(* Let $\mathcal{V}$ be a variety of algebras, $\mathcal{C}$ a full subcategory of the category of finitely generated free $\mathcal{V}$-algebras containing the free monogenic algebra $A_0$ on $x_0$, and $\Phi$ an automorphism of $\mathcal{C}$ with main function $(s^\Phi_A)$. Let $A$ be a $\mathcal{C}$-algebra and $X$ a basis of $\Phi(A)$. Then either no element of $X$ belongs to $s^\Phi_A(|A|)$, or $s^\Phi_A:|A|\to|\Phi(A)|$ is surjective.
   Context: Morphisms of $\mathcal{C}$ are all homomorphisms. For $a\in A$, $\alpha^A_a:A_0\to A$ is the homomorphism with $x_0\mapsto a$. Let $\eta^\Phi_0:\Phi^{-1}(A_0)\to A_0$ be the homomorphism sending every element of a fixed basis of $\Phi^{-1}(A_0)$ to $x_0$ (the identity if $\Phi(A_0)=A_0$), and $\eta^\Phi=\Phi(\eta^\Phi_0):A_0\to\Phi(A_0)$. The main function is $s^\Phi_A:|A|\to|\Phi(A)|$, $s^\Phi_A(a)=\Phi(\alpha^A_a)(\eta^\Phi(x_0))$. *)

theory Defs
  imports Main "HOL-Library.FuncSet"
begin

text \<open>Algebras have carriers inside a fixed universe type 'u; operations are
  total functions on argument lists, only their values on lists of the
  correct length with entries in the carrier matter.\<close>

datatype ('f,'v) trm = Var 'v | App 'f "('f,'v) trm list"

record ('f,'u) alg =
  carrier :: "'u set"
  ops :: "'f \<Rightarrow> 'u list \<Rightarrow> 'u"

fun wf_trm :: "('f \<Rightarrow> nat) \<Rightarrow> ('f,'v) trm \<Rightarrow> bool" where
  "wf_trm ar (Var v) = True"
| "wf_trm ar (App f ts) = (length ts = ar f \<and> (\<forall>t\<in>set ts. wf_trm ar t))"

fun eval :: "('f,'u) alg \<Rightarrow> ('v \<Rightarrow> 'u) \<Rightarrow> ('f,'v) trm \<Rightarrow> 'u" where
  "eval A \<rho> (Var v) = \<rho> v"
| "eval A \<rho> (App f ts) = ops A f (map (eval A \<rho>) ts)"

definition is_alg :: "('f \<Rightarrow> nat) \<Rightarrow> ('f,'u) alg \<Rightarrow> bool" where
  "is_alg ar A \<longleftrightarrow>
     (\<forall>f xs. length xs = ar f \<and> set xs \<subseteq> carrier A \<longrightarrow> ops A f xs \<in> carrier A)"

text \<open>A variety is given (Birkhoff) by a set E of identities between
  well-formed terms in the variables nat.\<close>
definition is_variety :: "('f \<Rightarrow> nat) \<Rightarrow> (('f,nat) trm \<times> ('f,nat) trm) set \<Rightarrow> bool" where
  "is_variety ar E \<longleftrightarrow> (\<forall>(l,r)\<in>E. wf_trm ar l \<and> wf_trm ar r)"

definition in_variety ::
  "('f \<Rightarrow> nat) \<Rightarrow> (('f,nat) trm \<times> ('f,nat) trm) set \<Rightarrow> ('f,'u) alg \<Rightarrow> bool" where
  "in_variety ar E A \<longleftrightarrow> is_alg ar A \<and>
     (\<forall>(l,r)\<in>E. \<forall>\<rho>. (\<forall>v. \<rho> v \<in> carrier A) \<longrightarrow> eval A \<rho> l = eval A \<rho> r)"

definition hom :: "('f \<Rightarrow> nat) \<Rightarrow> ('f,'u) alg \<Rightarrow> ('f,'u) alg \<Rightarrow> ('u \<Rightarrow> 'u) \<Rightarrow> bool" where
  "hom ar A B h \<longleftrightarrow> h \<in> carrier A \<rightarrow> carrier B \<and> h \<in> extensional (carrier A) \<and>
     (\<forall>f xs. length xs = ar f \<and> set xs \<subseteq> carrier A \<longrightarrow> h (ops A f xs) = ops B f (map h xs))"

definition free_on ::
  "('f \<Rightarrow> nat) \<Rightarrow> (('f,nat) trm \<times> ('f,nat) trm) set \<Rightarrow> ('f,'u) alg \<Rightarrow> 'u set \<Rightarrow> bool" where
  "free_on ar E A X \<longleftrightarrow> in_variety ar E A \<and> X \<subseteq> carrier A \<and>
     (\<forall>B. in_variety ar E B \<longrightarrow>
        (\<forall>g \<in> X \<rightarrow> carrier B. \<exists>!h. hom ar A B h \<and> (\<forall>x\<in>X. h x = g x)))"

definition fg_free ::
  "('f \<Rightarrow> nat) \<Rightarrow> (('f,nat) trm \<times> ('f,nat) trm) set \<Rightarrow> ('f,'u) alg \<Rightarrow> bool" where
  "fg_free ar E A \<longleftrightarrow> (\<exists>X. finite X \<and> free_on ar E A X)"

definition is_functor ::
  "('f \<Rightarrow> nat) \<Rightarrow> ('f,'u) alg set \<Rightarrow> (('f,'u) alg \<Rightarrow> ('f,'u) alg)
   \<Rightarrow> (('f,'u) alg \<Rightarrow> ('f,'u) alg \<Rightarrow> ('u \<Rightarrow> 'u) \<Rightarrow> ('u \<Rightarrow> 'u)) \<Rightarrow> bool" where
  "is_functor ar Obj FO FM \<longleftrightarrow>
     (\<forall>A\<in>Obj. FO A \<in> Obj) \<and>
     (\<forall>A\<in>Obj. \<forall>B\<in>Obj. \<forall>h. hom ar A B h \<longrightarrow> hom ar (FO A) (FO B) (FM A B h)) \<and>
     (\<forall>A\<in>Obj. FM A A (restrict id (carrier A)) = restrict id (carrier (FO A))) \<and>
     (\<forall>A\<in>Obj. \<forall>B\<in>Obj. \<forall>C\<in>Obj. \<forall>g h. hom ar A B h \<and> hom ar B C g \<longrightarrow>
        FM A C (compose (carrier A) g h) = compose (carrier (FO A)) (FM B C g) (FM A B h))"

definition is_automorphism ::
  "('f \<Rightarrow> nat) \<Rightarrow> ('f,'u) alg set
   \<Rightarrow> (('f,'u) alg \<Rightarrow> ('f,'u) alg) \<Rightarrow> (('f,'u) alg \<Rightarrow> ('f,'u) alg \<Rightarrow> ('u \<Rightarrow> 'u) \<Rightarrow> ('u \<Rightarrow> 'u))
   \<Rightarrow> (('f,'u) alg \<Rightarrow> ('f,'u) alg) \<Rightarrow> (('f,'u) alg \<Rightarrow> ('f,'u) alg \<Rightarrow> ('u \<Rightarrow> 'u) \<Rightarrow> ('u \<Rightarrow> 'u))
   \<Rightarrow> bool" where
  "is_automorphism ar Obj FO FM GO GM \<longleftrightarrow>
     is_functor ar Obj FO FM \<and> is_functor ar Obj GO GM \<and>
     (\<forall>A\<in>Obj. GO (FO A) = A \<and> FO (GO A) = A) \<and>
     (\<forall>A\<in>Obj. \<forall>B\<in>Obj. \<forall>h. hom ar A B h \<longrightarrow>
        GM (FO A) (FO B) (FM A B h) = h \<and> FM (GO A) (GO B) (GM A B h) = h)"

definition alpha :: "('f \<Rightarrow> nat) \<Rightarrow> ('f,'u) alg \<Rightarrow> 'u \<Rightarrow> ('f,'u) alg \<Rightarrow> 'u \<Rightarrow> ('u \<Rightarrow> 'u)" where
  "alpha ar A0 x0 A a = (THE h. hom ar A0 A h \<and> h x0 = a)"

definition eta0 :: "('f \<Rightarrow> nat) \<Rightarrow> ('f,'u) alg \<Rightarrow> 'u \<Rightarrow> ('f,'u) alg \<Rightarrow> 'u set \<Rightarrow> ('u \<Rightarrow> 'u)" where
  "eta0 ar A0 x0 B Y = (THE h. hom ar B A0 h \<and> (\<forall>y\<in>Y. h y = x0))"

definition main_fun ::
  "('f \<Rightarrow> nat) \<Rightarrow> ('f,'u) alg \<Rightarrow> 'u
   \<Rightarrow> (('f,'u) alg \<Rightarrow> ('f,'u) alg \<Rightarrow> ('u \<Rightarrow> 'u) \<Rightarrow> ('u \<Rightarrow> 'u))
   \<Rightarrow> (('f,'u) alg \<Rightarrow> ('f,'u) alg) \<Rightarrow> 'u set \<Rightarrow> ('f,'u) alg \<Rightarrow> 'u \<Rightarrow> 'u" where
  "main_fun ar A0 x0 FM GO Y A a =
     (let eta = FM (GO A0) A0 (eta0 ar A0 x0 (GO A0) Y)
      in FM A0 A (alpha ar A0 x0 A a) (eta x0))"

end

theory Submission
  imports Defs
begin

text \<open>The main function is natural: for every homomorphism h : A \<rightarrow> B one has
  s_B (h a) = \<Phi>(h) (s_A a), because \<alpha>_(h a) = h \<circ> \<alpha>_a. Now suppose s_A a \<in> X and let
  b \<in> \<Phi>(A). The endomorphism \<gamma> of the free algebra \<Phi>(A) that maps all of X to b
  is \<Phi>(h) for some endomorphism h of A, since \<Phi> is full; hence
  s_A (h a) = \<gamma> (s_A a) = b, and s_A is onto.\<close>

lemma hom_closed: "hom ar A B h \<Longrightarrow> a \<in> carrier A \<Longrightarrow> h a \<in> carrier B"
  by (auto simp: hom_def)

lemma hom_compose:
  assumes "is_alg ar A" "hom ar A B f" "hom ar B C g"
  shows "hom ar A C (compose (carrier A) g f)"
proof -
  have "compose (carrier A) g f (ops A h xs) = ops C h (map (compose (carrier A) g f) xs)"
    if xs: "length xs = ar h" "set xs \<subseteq> carrier A" for h xs
  proof -
    have "ops A h xs \<in> carrier A"
      using assms(1) xs by (auto simp: is_alg_def)
    then have "compose (carrier A) g f (ops A h xs) = g (f (ops A h xs))"
      by (simp add: compose_def)
    also have "\<dots> = g (ops B h (map f xs))"
      using assms(2) xs by (simp add: hom_def)
    also have "\<dots> = ops C h (map g (map f xs))"
    proof -
      have "set (map f xs) \<subseteq> carrier B"
        using assms(2) xs(2) by (auto simp: hom_def)
      then show ?thesis
        using assms(3) xs(1) by (simp add: hom_def)
    qed
    also have "map g (map f xs) = map (compose (carrier A) g f) xs"
      using xs(2) by (auto simp: compose_def)
    finally show ?thesis .
  qed
  then show ?thesis
    using assms(2,3) by (auto simp: hom_def compose_def)
qed

lemma free_on_ex1_hom:
  "free_on ar E A X \<Longrightarrow> in_variety ar E B \<Longrightarrow> g \<in> X \<rightarrow> carrier B \<Longrightarrow>
   \<exists>!h. hom ar A B h \<and> (\<forall>x\<in>X. h x = g x)"
  by (simp add: free_on_def)

lemma fg_free_in_variety: "fg_free ar E A \<Longrightarrow> in_variety ar E A"
  by (auto simp: fg_free_def free_on_def)

lemma alpha_ex1:
  assumes "free_on ar E A0 {x0}" "in_variety ar E A" "a \<in> carrier A"
  shows "\<exists>!h. hom ar A0 A h \<and> h x0 = a"
  using free_on_ex1_hom[OF assms(1,2), of "\<lambda>_. a"] assms(3) by simp

lemma
  assumes "free_on ar E A0 {x0}" "in_variety ar E A" "a \<in> carrier A"
  shows hom_alpha: "hom ar A0 A (alpha ar A0 x0 A a)"
    and alpha_x0: "alpha ar A0 x0 A a x0 = a"
  using theI'[OF alpha_ex1[OF assms]] by (simp_all add: alpha_def)

lemma alpha_eqI:
  assumes "free_on ar E A0 {x0}" "in_variety ar E A" "hom ar A0 A h"
  shows "alpha ar A0 x0 A (h x0) = h"
proof -
  have "h x0 \<in> carrier A"
    using assms(1,3) by (auto simp: free_on_def intro: hom_closed)
  then show ?thesis
    unfolding alpha_def using the1_equality[OF alpha_ex1[OF assms(1,2)]] assms(3) by blast
qed

lemma alpha_hom_image:
  assumes A0: "free_on ar E A0 {x0}" and A: "in_variety ar E A" and B: "in_variety ar E B"
    and h: "hom ar A B h" and a: "a \<in> carrier A"
  shows "alpha ar A0 x0 B (h a) = compose (carrier A0) h (alpha ar A0 x0 A a)"
proof -
  have x0: "x0 \<in> carrier A0"
    using A0 by (simp add: free_on_def)
  have "is_alg ar A0"
    using A0 by (simp add: free_on_def in_variety_def)
  then have "hom ar A0 B (compose (carrier A0) h (alpha ar A0 x0 A a))"
    using hom_compose hom_alpha[OF A0 A a] h by blast
  from alpha_eqI[OF A0 B this] show ?thesis
    using x0 alpha_x0[OF A0 A a] by (simp add: compose_def)
qed

lemma hom_eta0:
  assumes "free_on ar E B Y" "in_variety ar E A0" "x0 \<in> carrier A0"
  shows "hom ar B A0 (eta0 ar A0 x0 B Y)"
proof -
  have "\<exists>!h. hom ar B A0 h \<and> (\<forall>y\<in>Y. h y = x0)"
    using free_on_ex1_hom[OF assms(1,2), of "\<lambda>_. x0"] assms(3) by simp
  from theI'[OF this] show ?thesis
    unfolding eta0_def by blast
qed

lemma is_functor_obj: "is_functor ar Obj FO FM \<Longrightarrow> A \<in> Obj \<Longrightarrow> FO A \<in> Obj"
  by (simp add: is_functor_def)

lemma is_functor_hom:
  "is_functor ar Obj FO FM \<Longrightarrow> A \<in> Obj \<Longrightarrow> B \<in> Obj \<Longrightarrow> hom ar A B h \<Longrightarrow>
   hom ar (FO A) (FO B) (FM A B h)"
  by (simp add: is_functor_def)

lemma is_functor_compose:
  "is_functor ar Obj FO FM \<Longrightarrow> A \<in> Obj \<Longrightarrow> B \<in> Obj \<Longrightarrow> C \<in> Obj \<Longrightarrow>
   hom ar A B h \<Longrightarrow> hom ar B C g \<Longrightarrow>
   FM A C (compose (carrier A) g h) = compose (carrier (FO A)) (FM B C g) (FM A B h)"
  unfolding is_functor_def by blast

lemma is_automorphism_full:
  assumes aut: "is_automorphism ar Obj FO FM GO GM" and A: "A \<in> Obj" and B: "B \<in> Obj"
    and \<gamma>: "hom ar (FO A) (FO B) \<gamma>"
  obtains h where "hom ar A B h" "FM A B h = \<gamma>"
proof
  have G: "is_functor ar Obj GO GM" and FA: "FO A \<in> Obj" and FB: "FO B \<in> Obj"
    using aut A B by (auto simp: is_automorphism_def is_functor_def)
  have GF: "GO (FO A) = A" "GO (FO B) = B"
    using aut A B by (simp_all add: is_automorphism_def)
  show "hom ar A B (GM (FO A) (FO B) \<gamma>)"
    using is_functor_hom[OF G FA FB \<gamma>] by (simp add: GF)
  show "FM A B (GM (FO A) (FO B) \<gamma>) = \<gamma>"
    using aut FA FB \<gamma> GF unfolding is_automorphism_def by metis
qed

locale free_category_automorphism =
  fixes ar :: "'f \<Rightarrow> nat"
    and E :: "(('f,nat) trm \<times> ('f,nat) trm) set"
    and Obj :: "('f,'u) alg set"
    and A0 :: "('f,'u) alg"
    and x0 :: 'u
    and FO GO :: "('f,'u) alg \<Rightarrow> ('f,'u) alg"
    and FM GM :: "('f,'u) alg \<Rightarrow> ('f,'u) alg \<Rightarrow> ('u \<Rightarrow> 'u) \<Rightarrow> ('u \<Rightarrow> 'u)"
    and Y :: "'u set"
  assumes objs: "Obj \<subseteq> {B. fg_free ar E B}"
    and A0_obj: "A0 \<in> Obj" and A0_free: "free_on ar E A0 {x0}"
    and aut: "is_automorphism ar Obj FO FM GO GM"
    and Y_basis: "free_on ar E (GO A0) Y"
begin

abbreviation s :: "('f,'u) alg \<Rightarrow> 'u \<Rightarrow> 'u" where
  "s \<equiv> main_fun ar A0 x0 FM GO Y"

abbreviation eta :: 'u where
  "eta \<equiv> FM (GO A0) A0 (eta0 ar A0 x0 (GO A0) Y) x0"

lemma functor_FO: "is_functor ar Obj FO FM"
  using aut by (simp add: is_automorphism_def)

lemma obj_in_variety: "A \<in> Obj \<Longrightarrow> in_variety ar E A"
  using objs fg_free_in_variety by blast

lemma s_eq: "s A a = FM A0 A (alpha ar A0 x0 A a) eta"
  by (simp add: main_fun_def)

_Task prompt_
If a line in the records above contains "lambda", copy that line.

_Exercise solution_
  using free_on_ex1_hom[OF assms(1,2), of "\<lambda>_. a"] assms(3) by simp
    using free_on_ex1_hom[OF assms(1,2), of "\<lambda>_. x0"] assms(3) by simp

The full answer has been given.